Forming the dot products with the $\vec e_i$ gives the coordinates of these rotated vectors in the plane spanned by $\vec e_1$ and $\vec e_2$:

$$ \pmatrix{\cos\theta+(1-\cos\theta )u_1^2\\\sin\theta u_3+(1-\cos\theta)u_1u_2}\;,\; \pmatrix{-\sin\theta u_3+(1-\cos\theta)u_1u_2\\\cos\theta+(1-\cos\theta )u_2^2}\;, $$

where the $u_i$ are the coordinates of $\vec u$ in the coordinate system formed by $\vec e_1$, $\vec e_2$ and $\vec e_1\times\vec e_2$.

The projection of the rotated cube face into the plane spanned by $\vec e_1$ and $\vec e_2$ is a parallelogram spanned by these two vectors, whose signed area is given by

$$ \cos^2\theta+\cos\theta(1-\cos\theta)(u_1^2+u_2^2)+(1-\cos\theta)^2u_1^2u_2^2+\sin^2 u_3^2-(1-\cos\theta)^2u_1^2u_2^2\\ =\cos\theta+u_3^2(1-\cos\theta)\;, $$

where I used $u_1^2+u_2^2+u_3^2=1$.

The sign of the area indicates whether it faces towards or away from the projection direction perpendicular to the original face.

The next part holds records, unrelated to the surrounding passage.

lemma path_pos_monotone: "J x y \<Longrightarrow> path_le (orientation J xs) (path_pos xs x) (path_pos xs y)"
proof (rule monotone_if_monotone_on_hasse[where f = "path_pos xs",
      OF poset reflp_path_le transp_path_le])
  fix a b assume "hasse J a b"
  then have "hadj J a b" by (simp add: hadj_def)
  then consider "a \<in> set xs" "b \<in> set xs" | "\<not> in_tail a" "\<not> in_tail b"
    using hadj_path_cases by blast
  then show "path_le (orientation J xs) (path_pos xs a) (path_pos xs b)"
  proof cases
    case 1
    then obtain i l where il: "i < length xs" "l < length xs" "a = xs ! i" "b = xs ! l"
      by (metis in_set_conv_nth)
    then have "l = Suc i \<or> i = Suc l" using hadj_nth \<open>hadj J a b\<close> by blast
    moreover have "\<not> J b a" using \<open>hasse J a b\<close> J_antisym by (auto simp: hasse_def)
    ultimately show ?thesis
      using il \<open>hasse J a b\<close> distinct
      by (auto simp: orientation_def path_le_Suc Suc_path_le hasse_def)
  next
    case 2
    then show ?thesis by (simp add: iffD2[OF path_pos_eq_0_iff])
  qed
qed

lemma orientation_path_le_nth:
  assumes "path_le (orientation J xs) i l" "i < length xs" "l < length xs"
  shows "J (xs ! i) (xs ! l)"
proof (rule path_le_least_preorder[where R = J and f = "(!) xs", OF _ _ _ _ assms])
  show "reflp J" "transp J" using is_poset_reflp_transp[OF poset] by simp_all
next
  fix m assume "orientation J xs (Suc m)"
  then show "J (xs ! m) (xs ! Suc m)" by (simp add: orientation_def)
next
  fix m assume "Suc m < length xs" "\<not> orientation J xs (Suc m)"
  moreover have "hadj J (xs ! m) (xs ! Suc m)" using hadj_nth calculation(1) by simp
  ultimately show "J (xs ! Suc m) (xs ! m)" by (auto simp: orientation_def hadj_def hasse_def)
qed

lemma eq_reorient_orientation: "J = reorient J p xs (orientation J xs)"
proof (intro ext iffI)
  fix x y
  assume "J x y"
  then show "reorient J p xs (orientation J xs) x y"
    using path_pos_monotone collapse_monotone[OF poset] by (simp add: reorient_def)
next
  fix x y
  assume "reorient J p xs (orientation J xs) x y"
  then have "J (xs ! path_pos xs x) (xs ! path_pos xs y)" "J (collapse p xs x) (collapse p xs y)"
    using orientation_path_le_nth path_pos_less[OF nonempty distinct] by (auto simp: reorient_def)
  then show "J x y"
    unfolding nth_path_pos_if collapse_if by (auto split: if_splits intro: J_trans)
qed

lemma hasse_reorient_nth:
  assumes "i < length xs" "l < length xs"
  shows "hasse (reorient J p xs e) (xs ! i) (xs ! l) \<longleftrightarrow> hasse (path_le e) i l"
proof -
  let ?R = "reorient J p xs e"
  have in_path: "z \<in> set xs" if "?R (xs ! i) z" "?R z (xs ! l)" for z
  proof (rule ccontr)
    assume "z \<notin> set xs"
    then have "J p z" "J z p" using that assms by (auto simp: reorient_def collapse_def)
    then show False using J_antisym p_in_set \<open>z \<notin> set xs\<close> by blast
  qed
  have "(\<exists>z. z \<noteq> xs ! i \<and> z \<noteq> xs ! l \<and> ?R (xs ! i) z \<and> ?R z (xs ! l))
      \<longleftrightarrow> (\<exists>m. m \<noteq> i \<and> m \<noteq> l \<and> path_le e i m \<and> path_le e m l)"
  proof
    assume "\<exists>z. z \<noteq> xs ! i \<and> z \<noteq> xs ! l \<and> ?R (xs ! i) z \<and> ?R z (xs ! l)"
    then obtain z where z: "z \<noteq> xs ! i" "z \<noteq> xs ! l" "?R (xs ! i) z" "?R z (xs ! l)"
      by blast
    moreover obtain m where "m < length xs" "z = xs ! m"
      using in_path[OF z(3,4)] by (metis in_set_conv_nth)
    ultimately show "\<exists>m. m \<noteq> i \<and> m \<noteq> l \<and> path_le e i m \<and> path_le e m l"
      using assms by auto
  next
    assume "\<exists>m. m \<noteq> i \<and> m \<noteq> l \<and> path_le e i m \<and> path_le e m l"
    then obtain m where m: "m \<noteq> i" "m \<noteq> l" "path_le e i m" "path_le e m l" by blast
    then have "m < length xs" using path_le_between[of e i m l] assms by linarith
    then show "\<exists>z. z \<noteq> xs ! i \<and> z \<noteq> xs ! l \<and> ?R (xs ! i) z \<and> ?R z (xs ! l)"
      using m assms distinct by (metis nth_eq_iff_index_eq reorient_nth)
  qed
  moreover have "xs ! i \<noteq> xs ! l \<longleftrightarrow> i \<noteq> l" using assms distinct nth_eq_iff_index_eq by blast
  ultimately show ?thesis using assms by (simp add: hasse_def)
qed

lemma hasse_reorient_off_path_not_tail:
  assumes "\<not> (u \<in> set xs \<and> v \<in> set xs)" "hasse (reorient J p xs e) u v"
  shows "\<not> in_tail u \<and> \<not> in_tail v"
proof (rule ccontr)
  have uv: "path_le e (path_pos xs u) (path_pos xs v)" "J (collapse p xs u) (collapse p xs v)"
    using assms(2) by (auto simp: hasse_def reorient_def)
  assume "\<not> (\<not> in_tail u \<and> \<not> in_tail v)"
  then consider "in_tail u" "v \<notin> set xs" | "in_tail v" "u \<notin> set xs" using assms(1) by blast
  then have "u \<noteq> p \<and> v \<noteq> p \<and> reorient J p xs e u p \<and> reorient J p xs e p v"
  proof cases
    case 1
    then have "path_pos xs v = 0" using path_pos_eq_0_iff by blast
    then show ?thesis using 1 uv p_in_set J_refl by (auto simp: reorient_def collapse_def)
  next
    case 2
    then have "path_pos xs u = 0" using path_pos_eq_0_iff by blast
    then show ?thesis using 2 uv p_in_set J_refl by (auto simp: reorient_def collapse_def)
  qed
  then show False using assms(2) by (auto simp: hasse_def)
qed

lemma hasse_reorient_off_path:
  assumes "\<not> (u \<in> set xs \<and> v \<in> set xs)"
  shows "hasse (reorient J p xs e) u v \<longleftrightarrow>
    \<not> in_tail u \<and> \<not> in_tail v \<and> hasse (\<lambda>a b. \<not> in_tail a \<and> \<not> in_tail b \<and> J a b) u v"
proof
  assume hasse_uv: "hasse (reorient J p xs e) u v"
  then have off: "\<not> in_tail u" "\<not> in_tail v"
    using hasse_reorient_off_path_not_tail[OF assms] by blast+
  moreover have "\<not> (J u z \<and> J z v)" if "\<not> in_tail z" "z \<noteq> u" "z \<noteq> v" for z
    using hasse_uv that off reorient_off_tail unfolding hasse_def by metis
  ultimately show "\<not> in_tail u \<and> \<not> in_tail v \<and> hasse (\<lambda>a b. \<not> in_tail a \<and> \<not> in_tail b \<and> J a b) u v"
    using hasse_uv reorient_off_tail unfolding hasse_def by blast
next
  assume off: "\<not> in_tail u \<and> \<not> in_tail v \<and> hasse (\<lambda>a b. \<not> in_tail a \<and> \<not> in_tail b \<and> J a b) u v"
  have "\<not> in_tail z" if "reorient J p xs e u z" "reorient J p xs e z v" for z
  proof -
    have "path_pos xs u = 0" "path_pos xs v = 0" using off by (simp_all add: path_pos_eq_0_iff)
    then have "path_pos xs z = 0" using that path_le_antisym by (auto simp: reorient_def)
    then show ?thesis using path_pos_eq_0_iff by blast
  qed
  then show "hasse (reorient J p xs e) u v"
    using off reorient_off_tail unfolding hasse_def by metis
qed

lemma hasse_reorient_off_path_eq:
  "\<not> (u \<in> set xs \<and> v \<in> set xs) \<Longrightarrow> hasse (reorient J p xs e) u v = hasse J u v"
  using hasse_reorient_off_path[of u v e] hasse_reorient_off_path[of u v "orientation J xs"]
  by (simp add: eq_reorient_orientation[symmetric])

lemma hadj_reorient: "hadj (reorient J p xs e) = hadj J"
proof (intro ext)
  fix u v
  show "hadj (reorient J p xs e) u v = hadj J u v"
  proof (cases "u \<in> set xs \<and> v \<in> set xs")
    case True
    then obtain i l where il: "i < length xs" "l < length xs" "u = xs ! i" "v = xs ! l"
      by (metis in_set_conv_nth)
    then have "hadj (reorient J p xs e) u v \<longleftrightarrow> l = Suc i \<or> i = Suc l"
      by (auto simp: hadj_def hasse_reorient_nth hasse_path_le)
    then show ?thesis using il hadj_nth by simp
  next
    case False
    then show ?thesis using hasse_reorient_off_path_eq by (auto simp: hadj_def)
  qed
qed

lemma reoriented_on_reorient: "reoriented_on J (set xs) (reorient J p xs e)"
  unfolding reoriented_on_def
  using is_poset_reorient hadj_reorient hasse_reorient_off_path_eq by simp

lemma anchored_path_list_transfer:
  "is_poset J' \<Longrightarrow> hadj J' = hadj J \<Longrightarrow> anchored_path_list J' p xs"
  by unfold_locales (use distinct nonempty first hadj_nth hadj_closed in auto)

lemma reoriented_on_eq_reorient:
  assumes "reoriented_on J (set xs) J'"
  shows "J' = reorient J p xs (orientation J' xs)"
proof -
  have poset': "is_poset J'" using assms by (simp add: reoriented_on_def)
  interpret J': anchored_path_list J' p xs
    by (rule anchored_path_list_transfer[OF poset' reoriented_on_hadj[OF assms]])
  have hasse_eq: "\<not> (a \<in> set xs \<and> b \<in> set xs) \<Longrightarrow> hasse J' a b = hasse J a b" for a b
    using assms by (simp add: reoriented_on_def)
  have "J' (collapse p xs x) (collapse p xs y) \<longleftrightarrow> J (collapse p xs x) (collapse p xs y)" for x y
    using collapse_monotone[OF poset' hasse_eq] J'.collapse_monotone[OF poset hasse_eq[symmetric]]
    by (metis collapse_collapse)
  then have "reorient J' p xs e = reorient J p xs e" for e by (simp add: reorient_def fun_eq_iff)
  then show ?thesis using J'.eq_reorient_orientation by metis
qed

lemma reorient_cong:
  assumes "\<And>m. 0 < m \<Longrightarrow> m < length xs \<Longrightarrow> e m = e' m"
  shows "reorient J p xs e = reorient J p xs e'"
proof -
  have "path_le e (path_pos xs x) (path_pos xs y) = path_le e' (path_pos xs x) (path_pos xs y)"
    for x y
    using path_pos_less[OF nonempty distinct, of x] path_pos_less[OF nonempty distinct, of y] assms
    by (intro path_le_cong) auto
  then show ?thesis by (simp add: reorient_def fun_eq_iff)
qed

lemma incmat_reorient:
  "incmat (reorient J p xs e) $ x $ y
     = of_bool (path_le e (path_pos xs x) (path_pos xs y))
       * of_bool (J (collapse p xs x) (collapse p xs y))"
  by (simp add: incmat_def reorient_def)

Integrating the signed quantity would yield $0$ by symmetry, so we can choose which signed component to integrate. The sign is negative in a triangular-shaped region and positive in the more complicated rest of the rectangle $0\le u_3\le1$, $0\le\theta\le\pi$, so let's integrate the negative component. Equating the area to $0$ yields $u_3^2=\cos\theta/(\cos\theta-1)$, which has a solution for $\theta\ge\pi/2$, so we need

$$ -\frac1\pi\int_{\pi/2}^\pi\mathrm d\theta\;(1-\cos\theta)\int_0^{\sqrt{\cos\theta/(\cos\theta-1)}}\mathrm du_3\left(\cos\theta+u_3^2(1-\cos\theta)\right)\;, $$

where the density for the $u_3$ integration is $1$ due to the fact that the surface of a horizontal slice of a sphere is proportional to the height of the slice. Performing the inner integration yields

$$ -\frac1\pi\int_{\pi/2}^\pi\mathrm d\theta\;(1-\cos\theta)\sqrt{\frac{\cos\theta}{\cos\theta-1}}\left(\cos\theta+\frac13\frac{\cos\theta}{\cos\theta-1}(1-\cos\theta)\right)\\ =\frac2{3\pi}\int_{\pi/2}^\pi\mathrm d\theta\sqrt{\cos^3\theta(\cos\theta-1)}\;. $$

The remaining integration is quite a mess, but Wolfram|Alpha evaluates the integral to $3\pi/8$, so the final result for one face is $1/4$. Since the cube has $6$ faces, the expected result $3/2$ follows.